Goal of the exercise
The entries below contain a stretch that opens with the line containing "text \<open>Membership of" and closes with the line containing "(\<alpha> ^ (e"; set down that stretch exactly, both ends included, and nothing else.

Data section
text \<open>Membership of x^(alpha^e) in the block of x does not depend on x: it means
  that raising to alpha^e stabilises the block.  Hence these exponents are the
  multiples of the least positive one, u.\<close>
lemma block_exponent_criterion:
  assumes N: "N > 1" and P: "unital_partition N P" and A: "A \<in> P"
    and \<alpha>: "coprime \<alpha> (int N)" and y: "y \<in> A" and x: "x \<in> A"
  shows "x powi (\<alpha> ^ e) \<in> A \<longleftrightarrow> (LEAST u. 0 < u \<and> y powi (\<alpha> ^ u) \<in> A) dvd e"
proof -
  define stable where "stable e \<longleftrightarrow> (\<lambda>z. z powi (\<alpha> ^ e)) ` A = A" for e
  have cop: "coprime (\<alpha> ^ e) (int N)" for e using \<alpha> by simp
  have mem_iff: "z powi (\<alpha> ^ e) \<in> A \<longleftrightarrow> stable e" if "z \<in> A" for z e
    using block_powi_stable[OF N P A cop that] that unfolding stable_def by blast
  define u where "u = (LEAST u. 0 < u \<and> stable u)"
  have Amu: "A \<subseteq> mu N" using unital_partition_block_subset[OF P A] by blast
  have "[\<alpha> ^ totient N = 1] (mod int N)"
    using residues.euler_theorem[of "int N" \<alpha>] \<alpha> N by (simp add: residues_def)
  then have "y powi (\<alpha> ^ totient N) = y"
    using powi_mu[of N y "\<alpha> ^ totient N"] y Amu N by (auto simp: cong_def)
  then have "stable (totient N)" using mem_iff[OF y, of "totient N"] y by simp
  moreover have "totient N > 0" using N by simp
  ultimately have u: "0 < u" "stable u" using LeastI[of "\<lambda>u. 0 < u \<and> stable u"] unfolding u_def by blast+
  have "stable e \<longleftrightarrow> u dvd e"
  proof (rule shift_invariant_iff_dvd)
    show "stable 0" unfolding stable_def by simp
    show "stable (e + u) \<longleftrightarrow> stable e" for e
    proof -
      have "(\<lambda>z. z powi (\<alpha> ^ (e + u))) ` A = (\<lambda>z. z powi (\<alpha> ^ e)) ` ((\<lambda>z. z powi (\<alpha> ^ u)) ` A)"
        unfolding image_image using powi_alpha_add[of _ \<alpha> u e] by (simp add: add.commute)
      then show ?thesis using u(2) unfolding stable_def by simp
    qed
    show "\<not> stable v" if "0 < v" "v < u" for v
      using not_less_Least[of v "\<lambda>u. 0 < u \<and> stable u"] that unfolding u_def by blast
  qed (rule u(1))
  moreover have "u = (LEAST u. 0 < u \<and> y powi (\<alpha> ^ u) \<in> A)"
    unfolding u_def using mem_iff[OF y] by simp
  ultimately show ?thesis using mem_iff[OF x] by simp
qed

* * *

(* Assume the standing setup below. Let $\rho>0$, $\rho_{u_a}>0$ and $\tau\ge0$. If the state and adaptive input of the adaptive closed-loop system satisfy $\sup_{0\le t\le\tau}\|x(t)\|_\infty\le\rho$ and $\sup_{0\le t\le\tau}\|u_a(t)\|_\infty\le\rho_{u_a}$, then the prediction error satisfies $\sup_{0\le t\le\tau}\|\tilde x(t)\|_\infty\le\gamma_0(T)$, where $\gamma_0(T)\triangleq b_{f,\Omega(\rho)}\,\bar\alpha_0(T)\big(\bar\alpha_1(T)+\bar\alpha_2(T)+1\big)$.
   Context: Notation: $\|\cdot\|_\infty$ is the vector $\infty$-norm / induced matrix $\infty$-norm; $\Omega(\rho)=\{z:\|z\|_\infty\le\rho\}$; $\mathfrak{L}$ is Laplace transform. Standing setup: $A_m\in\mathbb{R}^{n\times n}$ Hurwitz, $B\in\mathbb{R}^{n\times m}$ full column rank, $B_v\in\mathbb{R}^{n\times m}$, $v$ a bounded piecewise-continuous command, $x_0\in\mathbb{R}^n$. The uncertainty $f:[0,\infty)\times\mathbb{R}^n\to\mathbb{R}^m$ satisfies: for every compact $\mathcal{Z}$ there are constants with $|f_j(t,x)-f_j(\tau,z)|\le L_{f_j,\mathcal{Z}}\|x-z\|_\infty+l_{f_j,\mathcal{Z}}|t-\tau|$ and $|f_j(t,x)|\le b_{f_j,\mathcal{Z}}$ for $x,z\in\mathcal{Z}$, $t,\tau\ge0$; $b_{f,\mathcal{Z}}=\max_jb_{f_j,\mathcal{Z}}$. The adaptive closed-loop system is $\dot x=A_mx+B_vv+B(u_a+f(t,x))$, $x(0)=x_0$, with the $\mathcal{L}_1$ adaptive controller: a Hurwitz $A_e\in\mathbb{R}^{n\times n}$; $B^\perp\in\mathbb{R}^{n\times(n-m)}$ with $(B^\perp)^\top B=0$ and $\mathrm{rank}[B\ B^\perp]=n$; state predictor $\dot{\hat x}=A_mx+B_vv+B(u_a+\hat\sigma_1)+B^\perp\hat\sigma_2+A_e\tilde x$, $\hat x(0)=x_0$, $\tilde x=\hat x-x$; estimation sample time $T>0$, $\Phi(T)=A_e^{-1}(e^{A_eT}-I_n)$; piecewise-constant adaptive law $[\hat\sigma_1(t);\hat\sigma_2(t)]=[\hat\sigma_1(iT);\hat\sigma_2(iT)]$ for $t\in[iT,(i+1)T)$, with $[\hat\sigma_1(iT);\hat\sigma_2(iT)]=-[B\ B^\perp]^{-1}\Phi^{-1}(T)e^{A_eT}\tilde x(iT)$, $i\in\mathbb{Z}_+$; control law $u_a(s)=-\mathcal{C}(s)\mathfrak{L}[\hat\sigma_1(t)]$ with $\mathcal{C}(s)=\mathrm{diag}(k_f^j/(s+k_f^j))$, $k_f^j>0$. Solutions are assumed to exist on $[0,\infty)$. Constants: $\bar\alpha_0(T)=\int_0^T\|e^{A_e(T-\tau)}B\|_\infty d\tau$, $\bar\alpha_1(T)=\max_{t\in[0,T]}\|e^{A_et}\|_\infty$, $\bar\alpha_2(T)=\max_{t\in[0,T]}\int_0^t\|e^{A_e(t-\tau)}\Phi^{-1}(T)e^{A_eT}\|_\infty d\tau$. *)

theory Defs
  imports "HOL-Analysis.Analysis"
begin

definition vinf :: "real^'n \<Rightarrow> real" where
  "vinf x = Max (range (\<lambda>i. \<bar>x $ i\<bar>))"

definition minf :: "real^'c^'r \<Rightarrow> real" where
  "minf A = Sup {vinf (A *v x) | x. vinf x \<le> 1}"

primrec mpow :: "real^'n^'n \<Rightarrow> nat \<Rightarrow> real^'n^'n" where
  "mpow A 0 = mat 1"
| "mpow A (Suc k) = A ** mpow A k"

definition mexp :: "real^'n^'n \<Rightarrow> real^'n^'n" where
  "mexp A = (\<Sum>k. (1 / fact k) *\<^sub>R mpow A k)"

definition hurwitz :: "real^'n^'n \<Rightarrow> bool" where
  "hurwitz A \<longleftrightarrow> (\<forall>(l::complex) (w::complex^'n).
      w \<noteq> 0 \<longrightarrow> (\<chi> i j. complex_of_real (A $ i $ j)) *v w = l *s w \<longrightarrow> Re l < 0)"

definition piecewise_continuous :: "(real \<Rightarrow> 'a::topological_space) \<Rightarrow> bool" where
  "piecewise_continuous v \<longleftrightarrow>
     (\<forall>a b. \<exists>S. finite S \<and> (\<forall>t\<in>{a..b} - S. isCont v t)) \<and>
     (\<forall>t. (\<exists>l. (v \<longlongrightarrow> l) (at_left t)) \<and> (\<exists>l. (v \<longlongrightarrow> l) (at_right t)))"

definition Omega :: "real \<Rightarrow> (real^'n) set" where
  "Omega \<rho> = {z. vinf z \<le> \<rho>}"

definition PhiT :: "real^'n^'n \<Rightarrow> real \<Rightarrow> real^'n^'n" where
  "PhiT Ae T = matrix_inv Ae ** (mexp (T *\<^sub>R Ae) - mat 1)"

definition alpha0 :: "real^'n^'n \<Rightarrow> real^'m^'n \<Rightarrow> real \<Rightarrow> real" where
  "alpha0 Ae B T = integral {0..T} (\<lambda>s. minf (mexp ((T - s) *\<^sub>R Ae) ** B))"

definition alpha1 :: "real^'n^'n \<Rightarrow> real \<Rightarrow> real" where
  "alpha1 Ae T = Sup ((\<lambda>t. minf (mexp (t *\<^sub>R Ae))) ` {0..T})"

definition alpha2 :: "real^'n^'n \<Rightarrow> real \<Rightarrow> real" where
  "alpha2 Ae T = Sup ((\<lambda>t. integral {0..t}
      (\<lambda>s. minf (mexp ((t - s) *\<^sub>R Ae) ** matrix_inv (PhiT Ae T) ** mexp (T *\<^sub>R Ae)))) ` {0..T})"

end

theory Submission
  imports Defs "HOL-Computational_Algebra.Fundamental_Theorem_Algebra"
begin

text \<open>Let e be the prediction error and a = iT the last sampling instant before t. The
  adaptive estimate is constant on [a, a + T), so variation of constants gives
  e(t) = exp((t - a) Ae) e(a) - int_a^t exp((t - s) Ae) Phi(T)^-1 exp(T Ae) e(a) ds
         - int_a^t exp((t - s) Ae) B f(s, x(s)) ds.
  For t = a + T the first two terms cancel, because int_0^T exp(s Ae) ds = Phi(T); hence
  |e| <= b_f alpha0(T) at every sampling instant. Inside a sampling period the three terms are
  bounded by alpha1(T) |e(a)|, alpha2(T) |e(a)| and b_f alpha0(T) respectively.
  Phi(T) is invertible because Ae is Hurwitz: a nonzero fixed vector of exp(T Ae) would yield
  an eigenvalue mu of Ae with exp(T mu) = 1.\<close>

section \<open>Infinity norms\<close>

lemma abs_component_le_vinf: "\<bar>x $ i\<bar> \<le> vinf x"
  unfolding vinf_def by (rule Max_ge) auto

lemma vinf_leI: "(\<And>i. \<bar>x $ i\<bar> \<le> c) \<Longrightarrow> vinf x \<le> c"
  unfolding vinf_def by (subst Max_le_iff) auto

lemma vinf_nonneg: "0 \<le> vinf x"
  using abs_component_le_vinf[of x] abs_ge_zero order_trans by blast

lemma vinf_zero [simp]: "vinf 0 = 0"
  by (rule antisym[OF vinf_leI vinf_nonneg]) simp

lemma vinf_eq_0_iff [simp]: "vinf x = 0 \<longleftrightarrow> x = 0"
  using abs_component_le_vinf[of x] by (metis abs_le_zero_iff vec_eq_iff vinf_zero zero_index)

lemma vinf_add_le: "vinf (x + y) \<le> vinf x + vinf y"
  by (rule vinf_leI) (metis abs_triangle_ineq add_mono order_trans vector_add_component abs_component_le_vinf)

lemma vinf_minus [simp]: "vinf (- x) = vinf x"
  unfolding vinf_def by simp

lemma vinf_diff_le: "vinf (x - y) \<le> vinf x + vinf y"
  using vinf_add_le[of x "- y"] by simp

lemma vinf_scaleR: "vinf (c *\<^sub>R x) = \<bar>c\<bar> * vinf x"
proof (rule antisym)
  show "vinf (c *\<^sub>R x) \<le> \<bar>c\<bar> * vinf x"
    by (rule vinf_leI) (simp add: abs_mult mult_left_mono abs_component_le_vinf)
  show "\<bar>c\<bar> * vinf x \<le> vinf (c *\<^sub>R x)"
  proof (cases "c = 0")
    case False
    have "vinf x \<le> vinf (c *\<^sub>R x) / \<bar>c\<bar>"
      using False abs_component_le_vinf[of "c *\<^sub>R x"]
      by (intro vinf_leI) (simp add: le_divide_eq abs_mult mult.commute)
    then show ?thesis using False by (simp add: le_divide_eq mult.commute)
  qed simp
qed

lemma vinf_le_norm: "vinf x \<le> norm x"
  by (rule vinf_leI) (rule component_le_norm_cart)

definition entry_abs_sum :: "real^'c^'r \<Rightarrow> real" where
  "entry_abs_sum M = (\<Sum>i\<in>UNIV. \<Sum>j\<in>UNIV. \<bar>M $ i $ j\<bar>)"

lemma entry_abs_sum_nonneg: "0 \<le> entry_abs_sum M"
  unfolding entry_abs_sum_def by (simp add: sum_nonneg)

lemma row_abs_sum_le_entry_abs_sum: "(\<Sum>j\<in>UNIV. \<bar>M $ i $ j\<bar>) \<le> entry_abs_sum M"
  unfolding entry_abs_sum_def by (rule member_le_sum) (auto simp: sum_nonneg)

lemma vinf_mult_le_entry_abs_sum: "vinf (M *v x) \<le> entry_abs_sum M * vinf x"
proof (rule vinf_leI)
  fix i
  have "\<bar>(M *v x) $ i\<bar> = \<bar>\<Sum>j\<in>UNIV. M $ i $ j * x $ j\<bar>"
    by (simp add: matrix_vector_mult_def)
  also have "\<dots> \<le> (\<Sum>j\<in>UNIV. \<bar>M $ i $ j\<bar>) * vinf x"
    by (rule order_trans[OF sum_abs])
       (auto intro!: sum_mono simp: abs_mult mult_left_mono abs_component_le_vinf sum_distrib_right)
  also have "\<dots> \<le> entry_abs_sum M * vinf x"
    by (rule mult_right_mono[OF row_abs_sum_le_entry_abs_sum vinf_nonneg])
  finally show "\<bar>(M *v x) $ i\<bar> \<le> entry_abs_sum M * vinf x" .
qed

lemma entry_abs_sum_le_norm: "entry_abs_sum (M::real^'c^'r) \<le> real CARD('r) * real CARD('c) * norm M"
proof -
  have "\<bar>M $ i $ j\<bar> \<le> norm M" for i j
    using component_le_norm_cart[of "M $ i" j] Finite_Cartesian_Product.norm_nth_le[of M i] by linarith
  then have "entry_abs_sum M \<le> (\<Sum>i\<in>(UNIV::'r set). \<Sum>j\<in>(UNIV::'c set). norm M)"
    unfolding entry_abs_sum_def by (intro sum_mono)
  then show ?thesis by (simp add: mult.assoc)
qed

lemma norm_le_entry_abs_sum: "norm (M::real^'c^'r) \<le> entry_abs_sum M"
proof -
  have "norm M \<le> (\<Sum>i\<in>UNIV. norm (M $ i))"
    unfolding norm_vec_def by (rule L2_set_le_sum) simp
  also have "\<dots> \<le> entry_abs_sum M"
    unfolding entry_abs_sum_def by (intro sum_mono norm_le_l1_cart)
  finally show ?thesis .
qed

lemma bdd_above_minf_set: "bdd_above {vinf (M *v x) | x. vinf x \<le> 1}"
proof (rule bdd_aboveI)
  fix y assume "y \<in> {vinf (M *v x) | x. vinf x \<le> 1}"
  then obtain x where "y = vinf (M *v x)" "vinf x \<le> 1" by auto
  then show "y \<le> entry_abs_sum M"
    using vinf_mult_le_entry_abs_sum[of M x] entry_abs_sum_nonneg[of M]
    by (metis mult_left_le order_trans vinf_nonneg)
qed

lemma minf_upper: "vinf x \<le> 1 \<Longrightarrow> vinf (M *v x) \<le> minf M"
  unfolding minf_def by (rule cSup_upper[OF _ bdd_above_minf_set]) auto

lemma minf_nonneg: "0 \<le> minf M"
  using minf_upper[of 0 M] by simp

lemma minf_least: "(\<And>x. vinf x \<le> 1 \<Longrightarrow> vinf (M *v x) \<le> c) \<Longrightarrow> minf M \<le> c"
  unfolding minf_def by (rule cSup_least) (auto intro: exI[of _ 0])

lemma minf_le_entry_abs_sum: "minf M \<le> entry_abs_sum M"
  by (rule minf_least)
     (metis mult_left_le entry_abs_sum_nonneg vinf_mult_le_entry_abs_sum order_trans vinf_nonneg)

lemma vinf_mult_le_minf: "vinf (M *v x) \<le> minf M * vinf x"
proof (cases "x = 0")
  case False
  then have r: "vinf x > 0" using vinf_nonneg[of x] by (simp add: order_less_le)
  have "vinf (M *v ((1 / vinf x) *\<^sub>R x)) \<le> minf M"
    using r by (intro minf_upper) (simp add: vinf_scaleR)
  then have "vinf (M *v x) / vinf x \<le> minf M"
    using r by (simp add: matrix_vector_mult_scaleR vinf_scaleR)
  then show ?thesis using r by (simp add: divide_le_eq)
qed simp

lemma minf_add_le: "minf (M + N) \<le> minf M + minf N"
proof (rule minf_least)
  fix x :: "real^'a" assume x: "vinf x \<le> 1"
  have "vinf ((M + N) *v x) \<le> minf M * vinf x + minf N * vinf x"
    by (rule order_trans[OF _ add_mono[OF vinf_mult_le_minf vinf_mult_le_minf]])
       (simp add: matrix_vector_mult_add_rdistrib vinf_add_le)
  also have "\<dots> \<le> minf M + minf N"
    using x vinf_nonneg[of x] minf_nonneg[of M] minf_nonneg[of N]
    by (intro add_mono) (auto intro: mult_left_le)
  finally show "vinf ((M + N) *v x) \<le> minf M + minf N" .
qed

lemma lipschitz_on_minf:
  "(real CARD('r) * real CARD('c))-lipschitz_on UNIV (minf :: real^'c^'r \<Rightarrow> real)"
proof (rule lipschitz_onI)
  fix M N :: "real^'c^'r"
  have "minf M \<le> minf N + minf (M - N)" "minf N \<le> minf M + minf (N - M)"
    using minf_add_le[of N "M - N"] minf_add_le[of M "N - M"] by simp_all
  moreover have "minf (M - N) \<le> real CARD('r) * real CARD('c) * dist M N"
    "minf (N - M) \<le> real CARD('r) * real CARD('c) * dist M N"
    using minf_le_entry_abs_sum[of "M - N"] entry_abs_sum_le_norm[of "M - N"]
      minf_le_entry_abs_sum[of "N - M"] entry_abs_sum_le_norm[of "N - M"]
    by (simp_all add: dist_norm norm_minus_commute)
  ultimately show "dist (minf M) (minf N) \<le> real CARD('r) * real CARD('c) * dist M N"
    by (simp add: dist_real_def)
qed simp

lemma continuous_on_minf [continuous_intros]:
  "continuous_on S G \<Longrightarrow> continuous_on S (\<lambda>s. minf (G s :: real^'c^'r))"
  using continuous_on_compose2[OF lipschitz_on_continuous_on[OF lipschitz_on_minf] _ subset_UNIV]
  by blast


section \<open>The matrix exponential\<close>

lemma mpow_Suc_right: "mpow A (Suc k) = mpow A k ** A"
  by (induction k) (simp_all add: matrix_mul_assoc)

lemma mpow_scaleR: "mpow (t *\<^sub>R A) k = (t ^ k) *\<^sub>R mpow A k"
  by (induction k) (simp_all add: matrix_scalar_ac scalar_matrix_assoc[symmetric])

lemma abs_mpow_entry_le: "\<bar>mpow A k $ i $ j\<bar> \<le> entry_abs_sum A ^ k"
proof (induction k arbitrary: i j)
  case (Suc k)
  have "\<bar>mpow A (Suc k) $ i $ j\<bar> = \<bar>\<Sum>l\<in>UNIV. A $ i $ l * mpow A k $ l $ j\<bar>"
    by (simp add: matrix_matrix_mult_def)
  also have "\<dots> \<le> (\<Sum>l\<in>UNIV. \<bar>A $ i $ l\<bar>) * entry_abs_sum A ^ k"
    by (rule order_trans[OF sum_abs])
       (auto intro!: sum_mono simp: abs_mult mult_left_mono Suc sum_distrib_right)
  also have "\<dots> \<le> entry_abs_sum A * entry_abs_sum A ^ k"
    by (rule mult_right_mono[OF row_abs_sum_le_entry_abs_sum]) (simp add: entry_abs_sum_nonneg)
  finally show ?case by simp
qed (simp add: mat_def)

Answer to this problem
text \<open>Membership of x^(alpha^e) in the block of x does not depend on x: it means
  that raising to alpha^e stabilises the block.  Hence these exponents are the
  multiples of the least positive one, u.\<close>
lemma block_exponent_criterion:
  assumes N: "N > 1" and P: "unital_partition N P" and A: "A \<in> P"
    and \<alpha>: "coprime \<alpha> (int N)" and y: "y \<in> A" and x: "x \<in> A"
  shows "x powi (\<alpha> ^ e) \<in> A \<longleftrightarrow> (LEAST u. 0 < u \<and> y powi (\<alpha> ^ u) \<in> A) dvd e"
proof -
  define stable where "stable e \<longleftrightarrow> (\<lambda>z. z powi (\<alpha> ^ e)) ` A = A" for e
  have cop: "coprime (\<alpha> ^ e) (int N)" for e using \<alpha> by simp
  have mem_iff: "z powi (\<alpha> ^ e) \<in> A \<longleftrightarrow> stable e" if "z \<in> A" for z e
    using block_powi_stable[OF N P A cop that] that unfolding stable_def by blast
  define u where "u = (LEAST u. 0 < u \<and> stable u)"
  have Amu: "A \<subseteq> mu N" using unital_partition_block_subset[OF P A] by blast
  have "[\<alpha> ^ totient N = 1] (mod int N)"
    using residues.euler_theorem[of "int N" \<alpha>] \<alpha> N by (simp add: residues_def)
  then have "y powi (\<alpha> ^ totient N) = y"
    using powi_mu[of N y "\<alpha> ^ totient N"] y Amu N by (auto simp: cong_def)
  then have "stable (totient N)" using mem_iff[OF y, of "totient N"] y by simp
  moreover have "totient N > 0" using N by simp
  ultimately have u: "0 < u" "stable u" using LeastI[of "\<lambda>u. 0 < u \<and> stable u"] unfolding u_def by blast+
  have "stable e \<longleftrightarrow> u dvd e"
  proof (rule shift_invariant_iff_dvd)
    show "stable 0" unfolding stable_def by simp
    show "stable (e + u) \<longleftrightarrow> stable e" for e
    proof -
      have "(\<lambda>z. z powi (\<alpha> ^ (e + u))) ` A = (\<lambda>z. z powi (\<alpha> ^ e)) ` ((\<lambda>z. z powi (\<alpha> ^ u)) ` A)"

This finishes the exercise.